在上一篇文章 5a 中，我们看到大规模的 Terraform Rollouts 很快会触碰到 API 限制，例如当 DR 测试需要并行创建上百个资源时，429 错误会像雪崩一样触发大量 Retries。本篇续篇正是从这里切入，展示如何通过 Oracle Cloud Infrastructure 的 API Gateway 以及 Amazon API Gateway 来有意识地管理这些限制，实现干净的可观测性，并通过「Policy as Code」将其落实到稳定的运营实践中。

API Gateway: 最后的武器？

API-Gateways 帮助我们使 API 限制变得可控。正确使用时，它们能够汇聚 API 调用、强制实施配额和 Throttling、提供一致的可观测性数据，并在运营和治理上形成一个集中入口。

对我们来说，最重要的是：一个 Gateway 不仅仅是转移 Rate-Limit 问题，而是使其能够在团队、部署和路由层面得到主动控制。

在 Oracle Cloud Infrastructure 中，您可以通过 Usage Plans 和 Entitlements 设置技术护栏。这些规则直接作用于 API Gateway 部署，例如每秒的硬性速率限制，以及每分钟或每月的配额。为保证执行和透明性，服务还提供了如 HttpResponses 这样的专用指标，并带有 deploymentId 和 httpStatusCode 维度，可以干净地接入告警系统。（Oracle Documentation）。

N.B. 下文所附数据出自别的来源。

lemma simple_polygon_perimeter_pos:
  assumes "simple_polygon R p" shows "perimeter R p > 0"
proof -
  have R: "0 < R" using assms by (simp add: simple_polygon_def)
  have "0 < dist (p 0) (p (Suc 0 mod R))" using simple_polygon_edge_nondegenerate[OF assms R] by simp
  also have "\<dots> \<le> perimeter R p"
    unfolding perimeter_def using R by (intro member_le_sum) auto
  finally show ?thesis .
qed

lemma polygon_lattice_card_linear:
  assumes poly: "simple_polygon R p"
  shows "\<exists>B. \<forall>k::nat. \<bar>real (card (polygon_lattice R (\<lambda>i. real k *\<^sub>R p i)))
                     - real k * (\<Sum>r<R. cheb_length (p (Suc r mod R) - p r))\<bar> \<le> B"
proof -
  define E where "E k r = seg_lattice (k *\<^sub>R p r) (k *\<^sub>R p (Suc r mod R))" for k :: real and r
  have "\<exists>K. \<forall>k\<ge>0. real (card (E k i \<inter> E k j)) \<le> K" if "i < j" "j < R" for i j
    unfolding E_def using that
    by (intro seg_lattice_overlap_bounded simple_polygon_edge_nondegenerate[OF poly]
        simple_polygon_edges_meet[OF poly]) auto
  hence "\<forall>i j. \<exists>K. i < j \<and> j < R \<longrightarrow> (\<forall>k\<ge>0. real (card (E k i \<inter> E k j)) \<le> K)"
    by blast
  then obtain K where K: "\<And>i j k. i < j \<Longrightarrow> j < R \<Longrightarrow> 0 \<le> k \<Longrightarrow> real (card (E k i \<inter> E k j)) \<le> K i j"
    by metis
  have "\<bar>real (card (\<Union>r<R. E (real k) r)) - (\<Sum>r<R. real k * cheb_length (p (Suc r mod R) - p r))\<bar>
          \<le> real R + (\<Sum>j<R. \<Sum>i<j. K i j)" for k :: nat
  proof (rule card_Union_close_to_sum)
    fix r
    have "real k *\<^sub>R p (Suc r mod R) - real k *\<^sub>R p r = real k *\<^sub>R (p (Suc r mod R) - p r)"
      by (simp add: scaleR_diff_right)
    thus "finite (E (real k) r)" "\<bar>real (card (E (real k) r)) - real k * cheb_length (p (Suc r mod R) - p r)\<bar> \<le> 1"
      using card_seg_lattice[of "real k *\<^sub>R p r" "real k *\<^sub>R p (Suc r mod R)"]
      by (simp_all add: E_def cheb_length_scaleR)
  qed (use K in simp)
  thus ?thesis unfolding polygon_lattice_def E_def by (auto simp: sum_distrib_left)
qed

lemma tendsto_ratio_of_linear_growth:
  fixes c :: "nat \<Rightarrow> real"
  assumes "\<And>k. \<bar>c k - real k * S\<bar> \<le> B"
  shows "(\<lambda>k. c k / real k) \<longlonglongrightarrow> S"
proof -
  have "(\<lambda>k. c k / real k - S) \<longlonglongrightarrow> 0"
  proof (rule Lim_null_comparison)
    show "\<forall>\<^sub>F k in sequentially. norm (c k / real k - S) \<le> B * inverse (real k)"
    proof (rule eventually_sequentiallyI[of 1])
      fix k :: nat assume "1 \<le> k"
      hence "c k / real k - S = (c k - real k * S) / real k" by (simp add: field_simps)
      also have "\<bar>\<dots>\<bar> \<le> B / real k" using assms[of k] by (simp add: divide_right_mono)
      finally show "norm (c k / real k - S) \<le> B * inverse (real k)" by (simp add: divide_inverse)
    qed
    show "(\<lambda>k. B * inverse (real k)) \<longlonglongrightarrow> 0"
      by (rule tendsto_mult_right_zero) (rule lim_inverse_n)
  qed
  thus ?thesis by (rule LIM_zero_cancel)
qed

theorem lemma6p4:
  fixes R :: nat and p :: "nat \<Rightarrow> real \<times> real"
  assumes "simple_polygon R p"
  shows "(\<lambda>k::nat. real (card (polygon_lattice R (\<lambda>i. real k *\<^sub>R p i)))
                    / perimeter R (\<lambda>i. real k *\<^sub>R p i))
         \<longlonglongrightarrow> (\<Sum>r<R. 1 / sqrt (1 + (lam (p (Suc r mod R) - p r))\<^sup>2)
                        * (dist (p r) (p (Suc r mod R)) / perimeter R p))"
proof -
  define P where "P = perimeter R p"
  define S where "S = (\<Sum>r<R. cheb_length (p (Suc r mod R) - p r))"
  obtain B where "\<And>k. \<bar>real (card (polygon_lattice R (\<lambda>i. real k *\<^sub>R p i))) - real k * S\<bar> \<le> B"
    using polygon_lattice_card_linear[OF assms] unfolding S_def by blast
  hence "(\<lambda>k. real (card (polygon_lattice R (\<lambda>i. real k *\<^sub>R p i))) / real k / P) \<longlonglongrightarrow> S / P"
    using simple_polygon_perimeter_pos[OF assms]
    by (intro tendsto_divide tendsto_ratio_of_linear_growth tendsto_const) (auto simp: P_def)
  moreover have "perimeter R (\<lambda>i. real k *\<^sub>R p i) = real k * P" for k :: nat
    by (simp add: perimeter_scaleR P_def)
  moreover have "1 / sqrt (1 + (lam (p (Suc r mod R) - p r))\<^sup>2) * (dist (p r) (p (Suc r mod R)) / P)
      = cheb_length (p (Suc r mod R) - p r) / P" for r
    using norm_div_sqrt_lam[of "p (Suc r mod R) - p r"] by (simp add: dist_norm norm_minus_commute)
  ultimately show ?thesis by (simp add: S_def sum_divide_distrib P_def[symmetric] mult.commute)
qed

end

服务日志类别 access 和 execution 是该服务预设的通道；它们直接关联到 API 部署，相较于传统的 Bucket 日志归档，这是首选方式。（Oracle Documentation）

以下是一个 OCI 示例（AWS 示例将在后文展示）：

# Terraform >= 1.10, OCI Provider 7.14.0
terraform {
  required_version = ">= 1.10"
  required_providers {
    oci = { source = "oracle/oci", version >= "7.14.0" }
  }
}

provider "oci" {
  region = var.region
}

variable "region" {
  type        = string
  description = "OCI region, e.g., eu-frankfurt-1"
  validation {
    condition     = can(regex("^[a-z]+-[a-z0-9]+-[0-9]+$", var.region))
    error_message = "Region must match a pattern like 'eu-frankfurt-1'."
  }
}

variable "compartment_id" {
  type        = string
  description = "Compartment OCID used for gateway, logs, and alarms"
}

# Optional: Many organizations manage the API deployment separately.
# We intentionally reference it via a variable to keep the example focused.
variable "api_deployment_id" {
  type        = string
  description = "OCID of the API Gateway deployment"
  validation {
    condition     = can(regex("^ocid1\\..+", var.api_deployment_id))
    error_message = "api_deployment_id must be a valid OCID."
  }
}

# Enable service logs for 'access' and 'execution'
resource "oci_logging_log_group" "apigw" {
  compartment_id = var.compartment_id
  display_name   = "apigw-logs"
}

resource "oci_logging_log" "apigw_access" {
  log_group_id = oci_logging_log_group.apigw.id
  display_name = "apigateway-access"
  log_type     = "SERVICE"
  is_enabled   = true

  configuration {
    source {
      category = "access"
      resource = var.api_deployment_id
      service  = "apigateway"
    }
  }
}

resource "oci_logging_log" "apigw_execution" {
  log_group_id = oci_logging_log_group.apigw.id
  display_name = "apigateway-execution"
  log_type     = "SERVICE"
  is_enabled   = true

  configuration {
    source {
      category = "execution"
      resource = var.api_deployment_id
      service  = "apigateway"
    }
  }
}

# Usage plan with rate limit & minute quota
resource "oci_apigateway_usage_plan" "team_plan" {
  compartment_id = var.compartment_id
  display_name   = "team-standard-plan"

  entitlements {
    name        = "default"
    description = "Standard quota for CI runs"

    rate_limit {
      unit  = "SECOND"
      value = 50
    }

    quota {
      unit                 = "MINUTE"
      value                = 2000
      reset_policy         = "CALENDAR"
      operation_on_breach  = "REJECT"
    }

    targets {
      deployment_id = var.api_deployment_id
    }
  }

  lifecycle {
    prevent_destroy = true
  }
}

在 Amazon API Gateway 中，您可以结合三种手段：Stage 与 Method Throttling、带有 API Keys 的 Usage Plans，以及基于速率的 AWS WAF 规则来实现 IP 聚合控制。CloudWatch 指标 4XXError 和 5XXError 能够在 Stage 层面提供一个稳健的早期预警系统。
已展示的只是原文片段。